That’s right, you charlatans, he is. No longer can this injustice be tolerated.
Below is the email I just submitted to Georgia Pacific Consumer Products regarding its Dixie brand Vanity Fair to-go Coffee Cups. They claim it’s their mission to make my life easier, but not only do they sell a coffee cup that leaks when it’s used to consume coffee, they have the audacity to limit my rapier wit to 500 characters or less. Fortunately, I like a challenge. After my email, I have given you, my faithful readers, the unabridged account of this tragedy.
Product Name: Dixie
Product Type: Cups, On-the-Go
UPC Code: 3187828122
Plant Code: CC28144/25
500 char or less is too limited to express my anguish. My wife switched from PerfecTouch to Vanity Fair disposable coffee cups. They are fancier and eco-friendly; seemed like a win/win. With 315 char left, I can’t discuss what the concept of an eco-friendly disposable cup does to my brain, so I’ll get to it. The act of drinking coffee quickly breaks the seal on the cup’s bottom. Go to www.notoriousdad.com for an unabridged account of my strife. It’s a magical site free of character limitations.

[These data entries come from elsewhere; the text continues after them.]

lemma cliff_len_dclosed:
  assumes "kupisch K" "2 \<le> K ! (length K - 1)" "dclosed K d (socle_P_omega K + 1)"
  shows "cliff_len K d + 2 \<le> K ! (length K - 1)"
proof -
  have "2 \<le> ulen K d"
    using ulen_greatest(3)[OF assms(1) assms(2)] dclosed_socle_P_omega[OF assms(1)] assms(3)
    by (simp add: less_2_cases_iff)
  then show ?thesis using ulen_greatest(1)[OF assms(1), of d] by (simp add: cliff_len_def)
qed

lemma kupisch_Ed: "kupisch K \<Longrightarrow> kupisch (Ed d K)"
  using cliff_len_less[of K d] kupisch_snoc[of K "cliff_len K d + 1"] by (simp add: Ed_def)

lemma kupisch_funpow_Ed: "kupisch K \<Longrightarrow> kupisch ((Ed d ^^ n) K)"
  by (induction n) (simp_all add: kupisch_Ed)

lemma funpow_Ed_append:
  assumes "kupisch K"
  shows "\<exists>R. (Ed d ^^ i) K = K @ R \<and> (\<forall>x\<in>set R. x \<le> cliff_len K d + 1)"
proof (induction i)
  case (Suc i)
  then obtain R where R: "(Ed d ^^ i) K = K @ R" "\<forall>x\<in>set R. x \<le> cliff_len K d + 1" by blast
  define C where "C = (Ed d ^^ i) K"
  have C: "kupisch C" unfolding C_def by (rule kupisch_funpow_Ed[OF assms])
  have "cliff_len C d + 1 \<le> cliff_len K d + 1"
  proof (cases "R = []")
    case True
    then show ?thesis using R(1) by (simp add: C_def)
  next
    case False
    then have "C ! (length C - 1) = last R"
      unfolding C_def R(1) by (metis last_appendR last_conv_nth append_is_Nil_conv)
    then have "C ! (length C - 1) \<le> cliff_len K d + 1" using R(2) last_in_set[OF False] by simp
    then show ?thesis using cliff_len_less[OF C, of d] by simp
  qed
  moreover have "(Ed d ^^ Suc i) K = (if cliff_len C d = 0 then K @ R else K @ (R @ [cliff_len C d + 1]))"
    using R(1) by (simp add: C_def Ed_def)
  ultimately show ?case using R(2) by (cases "cliff_len C d = 0") auto
qed simp

lemma funpow_Ed_replicate:
  assumes "kupisch K" "2 \<le> K ! (length K - 1)"
    and "\<forall>j<r. cliff_len (K @ replicate j (K ! (length K - 1))) d + 1 = K ! (length K - 1)"
  shows "(Ed d ^^ r) K = K @ replicate r (K ! (length K - 1))"
  using assms(3)
proof (induction r)
  case (Suc r)
  then have "cliff_len (K @ replicate r (K ! (length K - 1))) d = K ! (length K - 1) - 1" by fastforce
  then show ?case
    using Suc assms(2) by (simp add: Ed_def replicate_append_same[symmetric])
qed simp

lemma cliff_len_long_replicate:
  fixes K :: "nat list" defines "l \<equiv> K ! (length K - 1)"
  assumes K: "kupisch K" and l: "2 \<le> l"
  shows "cliff_len (K @ replicate (d * l + l - 1) l) d + 2 \<le> l"
proof -
  define n C where "n = length K" and "C = K @ replicate (d * l + l - 1) l"
  have C: "kupisch C" "C ! (length C - 1) = l"
    using kupisch_append_replicate_last[OF K] last_append_replicate_last[of K "d * l + l - 1"]
      kupisch_length_pos[OF K] l
    by (simp_all add: C_def l_def)
  have ln: "l \<le> n" using kupisch_last_le_length[OF K] by (simp add: l_def n_def)
  have v: "socle_P_omega C + 1 = n + d * l" using C l ln by (simp add: socle_P_omega_def C_def n_def)
  have "pd C (n + d * l) (n + d * l) = 2 * d + pd C n n"
    unfolding C_def l_def using K l by (intro pd_append_replicate_simple) (auto simp: l_def n_def)
  moreover have "ismod C (n + d * l) (n + d * l)"
    using kupisch_nth_bounds[OF C(1), of "n + d * l"] l by (auto simp: ismod_def C_def n_def)
  ultimately have "dclosed C d (socle_P_omega C + 1)" unfolding v dclosed_def by auto
  then show ?thesis using cliff_len_dclosed[OF C(1)] C(2) l by (simp add: C_def)
qed

text \<open>The last Kupisch length never increases, and it cannot stay equal to \<open>l\<close> for
  \<open>(d + 1) l - 1\<close> steps: along the resulting constant tail projective dimension grows by \<open>2\<close> per
  period, so the simple above the socle of \<open>P(\<omega>)\<close> becomes \<open>d\<close>-closed.\<close>
lemma Ed_terminates: "kupisch K \<Longrightarrow> \<exists>T. cliff_len ((Ed d ^^ T) K) d = 0"
proof (induction "K ! (length K - 1)" arbitrary: K rule: less_induct)
  case less
  define l where "l = K ! (length K - 1)"
  show ?case
  proof (cases "cliff_len K d = 0")
    case True
    then show ?thesis by (metis funpow_0)
  next
    case False
    then have l: "2 \<le> l" using cliff_len_less[OF less.prems, of d] by (simp add: l_def)
    let ?P = "\<lambda>j. cliff_len (K @ replicate j l) d + 1 \<noteq> l"
    have "?P (d * l + l - 1)" using cliff_len_long_replicate[OF less.prems, where d = d] l by (simp add: l_def)
    then obtain j where j: "?P j" "\<forall>j'<j. \<not> ?P j'" using exists_least_iff[of ?P] by blast
    define C where "C = K @ replicate j l"
    have C: "kupisch C" "C ! (length C - 1) = l" "(Ed d ^^ j) K = C"
      using kupisch_append_replicate_last[OF less.prems] last_append_replicate_last[of K j]
        kupisch_length_pos[OF less.prems] funpow_Ed_replicate[OF less.prems, of j d] j(2) l
      by (simp_all add: C_def l_def)
    show ?thesis
    proof (cases "cliff_len C d = 0")
      case True
      then show ?thesis using C(3) by metis
    next
      case False
      have "kupisch (C @ [cliff_len C d + 1])" using kupisch_Ed[OF C(1), of d] False by (simp add: Ed_def)
      moreover have "cliff_len C d + 1 < l" using cliff_len_less[OF C(1), of d] C(2) j(1) by (simp add: C_def)
      ultimately obtain T where "cliff_len ((Ed d ^^ T) (C @ [cliff_len C d + 1])) d = 0"
        using less.hyps l_def by fastforce
      moreover have "(Ed d ^^ Suc j) K = C @ [cliff_len C d + 1]" using C(3) False by (simp add: Ed_def)
      moreover have "(Ed d ^^ (T + Suc j)) K = (Ed d ^^ T) ((Ed d ^^ Suc j) K)"
        by (simp only: funpow_add comp_def)
      ultimately have "cliff_len ((Ed d ^^ (T + Suc j)) K) d = 0" by simp
      then show ?thesis by blast
    qed
  qed
qed

lemma Cd_funpow:
  assumes "kupisch K"
  obtains T where "Cd d K = (Ed d ^^ T) K" "cliff_len ((Ed d ^^ T) K) d = 0"
proof -
  let ?T = "LEAST T. cliff_len ((Ed d ^^ T) K) d = 0"
  obtain T0 where "cliff_len ((Ed d ^^ T0) K) d = 0" using Ed_terminates[OF assms] by blast
  then have "cliff_len ((Ed d ^^ ?T) K) d = 0" by (rule LeastI)
  then show thesis using that[of ?T] by (simp add: Cd_def)
qed


lemma kupisch_Cd: "kupisch K \<Longrightarrow> kupisch (Cd d K)"
  using kupisch_funpow_Ed by (metis Cd_funpow)

section \<open>Summits\<close>

lemma nth_le_Max_set: "i < length K \<Longrightarrow> K ! i \<le> Max (set K)"
  by (simp add: Max_ge)

lemma height_eq_Max:
  assumes "kupisch K" shows "height K = Max (set K)"
proof -
  define S where "S = {len a b | a b. ismod K a b}"
  have le: "x \<le> Max (set K)" if "x \<in> S" for x
  proof -
    obtain a b where "x = len a b" "ismod K a b" using \<open>x \<in> S\<close> by (auto simp: S_def)
    moreover from this have "K ! b \<le> Max (set K)" by (intro nth_le_Max_set) (simp add: ismod_def)
    ultimately show ?thesis unfolding ismod_def len_def by linarith
  qed
  obtain b where b: "b < length K" "K ! b = Max (set K)"
    using Max_in[of "set K"] assms by (auto simp: kupisch_def in_set_conv_nth)
  then have "ismod K (Suc b - K ! b) b" "len (Suc b - K ! b) b = K ! b"
    using kupisch_nth_bounds[OF assms b(1)] by (auto simp: ismod_def len_def)
  then have "Max (set K) \<in> S" unfolding S_def using b(2) by force
  moreover have "finite S" using le by (meson finite_atMost finite_subset atMost_iff subsetI)
  ultimately show ?thesis unfolding height_def S_def[symmetric] using le by (intro Max_eqI) auto
qed

lemma summit_iff:
  assumes K: "kupisch K"
  shows "summit K a b \<longleftrightarrow> b < length K \<and> K ! b = Max (set K) \<and> a = Suc b - Max (set K)"
proof
  assume "summit K a b"
  then have "b < length K" "Suc b - a = Max (set K)" "Suc b - a \<le> K ! b" "a \<le> b"
    by (auto simp: summit_def height_eq_Max[OF K] ismod_def len_def)
  moreover have "K ! b \<le> Max (set K)" using nth_le_Max_set \<open>b < length K\<close> .
  ultimately show "b < length K \<and> K ! b = Max (set K) \<and> a = Suc b - Max (set K)" by auto
next
  assume b: "b < length K \<and> K ! b = Max (set K) \<and> a = Suc b - Max (set K)"
  then show "summit K a b"
    using kupisch_nth_bounds[OF K, of b] by (auto simp: summit_def height_eq_Max[OF K] ismod_def len_def)
qed

lemma first_summit_iff:
  assumes K: "kupisch K" and h: "2 \<le> Max (set K)"
  shows "first_summit K (a, b) \<longleftrightarrow> summit K a b \<and> K ! (b - 1) + 1 = Max (set K)"
proof (cases "summit K a b")
  case True
  then have b: "b < length K" "a = Suc b - Max (set K)" "Max (set K) \<le> Suc b"
    using summit_iff[OF K] kupisch_nth_bounds[OF K, of b] by auto
  have "K ! (b - 1) \<le> Max (set K)" using b by (intro nth_le_Max_set) auto
  then show ?thesis using True b h by (auto simp: first_summit_def isproj_def ismod_def)
qed (simp add: first_summit_def)

lemma last_summit_iff:
  assumes K: "kupisch K" and h: "2 \<le> Max (set K)"
  shows "last_summit K (a, b) \<longleftrightarrow> summit K a b \<and> (Suc b < length K \<longrightarrow> K ! Suc b \<noteq> Max (set K))"
proof (cases "summit K a b")
  case True
  then have b: "b < length K" "K ! b = Max (set K)" "a = Suc b - Max (set K)" "Max (set K) \<le> Suc b"
    using summit_iff[OF K] kupisch_nth_bounds[OF K, of b] by auto
  have "K ! Suc b \<le> Max (set K)" if "Suc b < length K" using nth_le_Max_set that .
  then show ?thesis using True b h by (auto simp: last_summit_def isinj_def ismod_def le_antisym)
qed (simp add: last_summit_def)

section \<open>The algebra \<open>H\<^sub>d(c\<^sub>1, \<dots>, c\<^sub>u)\<close>\<close>

locale H_setting =
  fixes d :: nat and cs :: "nat list"
  assumes odd_d: "odd d" and odd_cs: "\<forall>c\<in>set cs. odd c" and sorted_cs: "sorted (rev cs)"
    and hd_cs_le: "cs \<noteq> [] \<longrightarrow> hd cs \<le> d"
begin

The past two mornings, like all mornings, I poured myself a cup of coffee and carried it around with me while performing my usual pre-work rituals. The only difference was the coffee receptacle. As stated in my email, my wife switched it up this week and went with the fancy Vanity Fair Dixie brand coffee cups instead of our tried-and-true blue-collar PerfecTouch Dixie Grab ‘N Go cups. Don’t ask me why. I guess she likes to keep her shopping trips fresh by challenging the status quo. She also randomly decides we need to rearrange the living room every few months. As I’ve said many times before, she’s too pretty for me, so I just go with it.
Before continuing my story, I need to stop here to point out that I recognize it’s wasteful to use disposable coffee cups when I’m not even leaving the house. If you promise to forgive me, I promise to refrain from calling you a tree-hugging hippie. However, I think we can all agree that calling a disposable coffee cup made from 12% recycled material “eco-friendly” is like hailing BP for its heroic effort to clean our gulf beaches. But as usual, I digress.
During the course of any given morning, my coffee cup is placed on a number of side tables and counters. When I got home from work today, Kerry pointed out a series of dried coffee rings dispersed throughout the house in incriminating locations: the bathroom, the table in front of the living room mirror, the other bathroom, etc. Now, I’ve never had this issue before, so I decided to run a little experiment.
I filled one of the new Vanity Fair coffee cups with fresh, hot coffee and let it sit on the side-table next to Mac the Truck and Roy the Bengal tiger, as depicted below. I waited 10 minutes. To my disappointment, no coffee ring appeared.

I gave up and decided to drink my coffee, foolishly assuming that the whole thing was just a figment of my brilliant imagination. However, after taking a few sips, I noticed this:
After cleaning up the coffee rings to keep my wife from having an OCD induced heart-attack, I carried the Vanity Fair disposable cup into the kitchen to investigate. I poured out the remaining coffee and to my horror, I saw this atrocity:
After a painstaking dissection, I found that the bottom of the cup is made of a thin piece of paper wrapped in an even thinner layer of plastic. In minutes, the hot coffee heats the plastic, causing structural weakness. Once the plastic defenses have been breeched, the slightest squeeze of the cup causes catastrophic failure, resulting in what I think the entire coffee-drinking free world will agree is an abomination against all we hold dear.
Now, I’ll allow that it’s possible I have a firmer grip than the average coffee-drinker. Perhaps the Vanity Fair brand is designed to attract a more delicate touch with its dainty floral pattern. Whatever the reason, it’s clear that Vanity Fair was completely unprepared for the unabashed masculinity embodied by my vice-like grip. I ask you, my faithful readers, am I to blame for the raw power that courses through my mighty hands? Can a bird help but fly?
I think you’ll agree that Dixie owes me reparations. As always, I’ll post any response I receive in its entirety.